Dataset records:
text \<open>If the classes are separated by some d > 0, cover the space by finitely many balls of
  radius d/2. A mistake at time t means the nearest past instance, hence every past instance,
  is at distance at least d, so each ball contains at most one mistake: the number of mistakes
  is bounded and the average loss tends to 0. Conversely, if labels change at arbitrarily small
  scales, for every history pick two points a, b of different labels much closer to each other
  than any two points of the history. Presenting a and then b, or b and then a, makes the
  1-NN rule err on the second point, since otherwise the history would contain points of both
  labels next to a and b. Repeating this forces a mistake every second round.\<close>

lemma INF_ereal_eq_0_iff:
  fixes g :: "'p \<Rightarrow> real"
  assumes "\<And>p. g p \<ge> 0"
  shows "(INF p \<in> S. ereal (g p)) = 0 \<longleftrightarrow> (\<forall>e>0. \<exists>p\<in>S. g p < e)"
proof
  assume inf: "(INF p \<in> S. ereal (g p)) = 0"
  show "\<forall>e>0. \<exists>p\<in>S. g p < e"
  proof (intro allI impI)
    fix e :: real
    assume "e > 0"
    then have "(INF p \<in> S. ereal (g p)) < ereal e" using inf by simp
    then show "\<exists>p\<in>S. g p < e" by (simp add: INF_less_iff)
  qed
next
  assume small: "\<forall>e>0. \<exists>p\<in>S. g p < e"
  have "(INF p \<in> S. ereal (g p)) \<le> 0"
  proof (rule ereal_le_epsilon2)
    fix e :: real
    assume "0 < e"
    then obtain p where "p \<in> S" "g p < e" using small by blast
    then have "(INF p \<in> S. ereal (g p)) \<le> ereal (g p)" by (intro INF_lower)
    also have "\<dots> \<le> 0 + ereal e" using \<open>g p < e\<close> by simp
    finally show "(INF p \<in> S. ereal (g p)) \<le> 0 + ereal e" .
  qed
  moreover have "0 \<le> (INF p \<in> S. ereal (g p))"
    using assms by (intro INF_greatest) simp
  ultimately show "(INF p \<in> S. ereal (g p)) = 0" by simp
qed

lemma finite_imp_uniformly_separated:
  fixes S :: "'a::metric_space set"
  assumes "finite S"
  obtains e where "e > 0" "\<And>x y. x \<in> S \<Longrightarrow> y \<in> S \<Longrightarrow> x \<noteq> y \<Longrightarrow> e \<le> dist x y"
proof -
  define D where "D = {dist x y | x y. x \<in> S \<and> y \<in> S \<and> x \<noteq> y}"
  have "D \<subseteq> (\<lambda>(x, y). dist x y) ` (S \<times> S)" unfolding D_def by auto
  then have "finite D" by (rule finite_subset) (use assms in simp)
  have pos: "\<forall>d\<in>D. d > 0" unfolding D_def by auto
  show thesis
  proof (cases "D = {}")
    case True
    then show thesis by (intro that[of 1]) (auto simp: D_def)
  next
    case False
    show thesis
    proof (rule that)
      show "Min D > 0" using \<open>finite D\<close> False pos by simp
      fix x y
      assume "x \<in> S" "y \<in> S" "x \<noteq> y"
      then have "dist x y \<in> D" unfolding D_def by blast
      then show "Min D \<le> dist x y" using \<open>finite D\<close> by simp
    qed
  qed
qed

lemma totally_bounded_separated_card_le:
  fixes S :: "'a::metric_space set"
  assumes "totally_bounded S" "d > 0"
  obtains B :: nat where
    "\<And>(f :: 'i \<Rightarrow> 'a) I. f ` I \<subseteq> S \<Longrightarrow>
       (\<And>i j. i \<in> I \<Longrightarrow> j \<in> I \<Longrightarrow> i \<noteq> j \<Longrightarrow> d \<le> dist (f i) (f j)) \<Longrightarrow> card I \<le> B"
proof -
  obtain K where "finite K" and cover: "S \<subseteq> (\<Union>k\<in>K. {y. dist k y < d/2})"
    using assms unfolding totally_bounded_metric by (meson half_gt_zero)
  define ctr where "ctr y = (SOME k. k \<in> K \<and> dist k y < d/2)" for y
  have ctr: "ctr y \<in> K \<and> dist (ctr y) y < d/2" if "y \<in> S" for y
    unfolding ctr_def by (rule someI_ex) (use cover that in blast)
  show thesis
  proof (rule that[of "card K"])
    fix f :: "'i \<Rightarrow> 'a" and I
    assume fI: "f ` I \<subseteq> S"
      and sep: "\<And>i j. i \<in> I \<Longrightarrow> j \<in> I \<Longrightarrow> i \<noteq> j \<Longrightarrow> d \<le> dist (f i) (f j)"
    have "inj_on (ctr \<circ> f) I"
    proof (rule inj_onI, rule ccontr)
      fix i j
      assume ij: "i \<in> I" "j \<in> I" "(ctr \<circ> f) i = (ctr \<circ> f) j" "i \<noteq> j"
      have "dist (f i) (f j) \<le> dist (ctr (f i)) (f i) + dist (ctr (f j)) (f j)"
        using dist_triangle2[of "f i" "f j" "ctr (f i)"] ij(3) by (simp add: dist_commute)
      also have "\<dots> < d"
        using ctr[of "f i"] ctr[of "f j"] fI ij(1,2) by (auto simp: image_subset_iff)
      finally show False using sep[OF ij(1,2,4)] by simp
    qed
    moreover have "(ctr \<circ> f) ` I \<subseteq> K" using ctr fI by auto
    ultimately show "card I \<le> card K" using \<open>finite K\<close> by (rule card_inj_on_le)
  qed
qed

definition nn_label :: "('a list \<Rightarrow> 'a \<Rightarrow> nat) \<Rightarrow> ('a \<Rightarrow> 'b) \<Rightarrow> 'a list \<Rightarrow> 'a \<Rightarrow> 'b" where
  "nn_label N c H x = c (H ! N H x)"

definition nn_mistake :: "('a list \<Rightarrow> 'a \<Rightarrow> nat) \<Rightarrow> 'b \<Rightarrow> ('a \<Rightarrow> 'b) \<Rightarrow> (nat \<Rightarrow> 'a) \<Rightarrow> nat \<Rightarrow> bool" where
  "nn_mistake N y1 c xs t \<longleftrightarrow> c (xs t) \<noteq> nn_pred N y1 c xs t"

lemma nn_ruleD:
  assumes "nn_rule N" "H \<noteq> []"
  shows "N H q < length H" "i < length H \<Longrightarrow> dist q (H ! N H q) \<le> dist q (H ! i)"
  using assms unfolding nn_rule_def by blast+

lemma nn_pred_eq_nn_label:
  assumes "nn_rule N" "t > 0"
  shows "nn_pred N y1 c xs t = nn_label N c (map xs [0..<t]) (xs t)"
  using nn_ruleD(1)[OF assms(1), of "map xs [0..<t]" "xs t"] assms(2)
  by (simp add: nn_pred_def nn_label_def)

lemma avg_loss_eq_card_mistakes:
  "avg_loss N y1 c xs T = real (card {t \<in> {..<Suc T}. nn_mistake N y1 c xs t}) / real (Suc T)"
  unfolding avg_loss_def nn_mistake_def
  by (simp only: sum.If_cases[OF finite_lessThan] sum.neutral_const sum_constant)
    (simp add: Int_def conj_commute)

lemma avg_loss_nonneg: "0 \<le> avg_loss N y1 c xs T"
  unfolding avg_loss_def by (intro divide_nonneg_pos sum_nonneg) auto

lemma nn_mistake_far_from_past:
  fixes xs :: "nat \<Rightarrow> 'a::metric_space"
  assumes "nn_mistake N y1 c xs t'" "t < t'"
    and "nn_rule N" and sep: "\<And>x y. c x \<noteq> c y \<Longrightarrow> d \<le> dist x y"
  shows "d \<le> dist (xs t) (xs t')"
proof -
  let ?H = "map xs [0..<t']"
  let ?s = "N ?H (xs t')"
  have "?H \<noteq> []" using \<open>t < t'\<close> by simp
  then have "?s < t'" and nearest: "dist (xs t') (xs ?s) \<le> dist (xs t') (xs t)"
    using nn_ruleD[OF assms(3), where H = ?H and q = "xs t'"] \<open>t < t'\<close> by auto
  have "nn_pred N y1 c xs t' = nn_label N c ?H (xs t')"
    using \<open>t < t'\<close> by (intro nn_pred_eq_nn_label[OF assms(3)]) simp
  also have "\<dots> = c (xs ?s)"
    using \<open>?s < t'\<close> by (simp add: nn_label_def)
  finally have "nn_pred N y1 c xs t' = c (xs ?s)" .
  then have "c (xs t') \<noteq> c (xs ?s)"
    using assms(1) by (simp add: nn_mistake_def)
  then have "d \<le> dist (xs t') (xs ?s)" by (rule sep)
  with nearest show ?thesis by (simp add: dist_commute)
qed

_Task prompt:_ Exactly the lines from the start of the entries through the one bearing "is bounded and" are to be output, with both ends included.

_Output for this task:_
text \<open>If the classes are separated by some d > 0, cover the space by finitely many balls of
  radius d/2. A mistake at time t means the nearest past instance, hence every past instance,
  is at distance at least d, so each ball contains at most one mistake: the number of mistakes
  is bounded and the average loss tends to 0. Conversely, if labels change at arbitrarily small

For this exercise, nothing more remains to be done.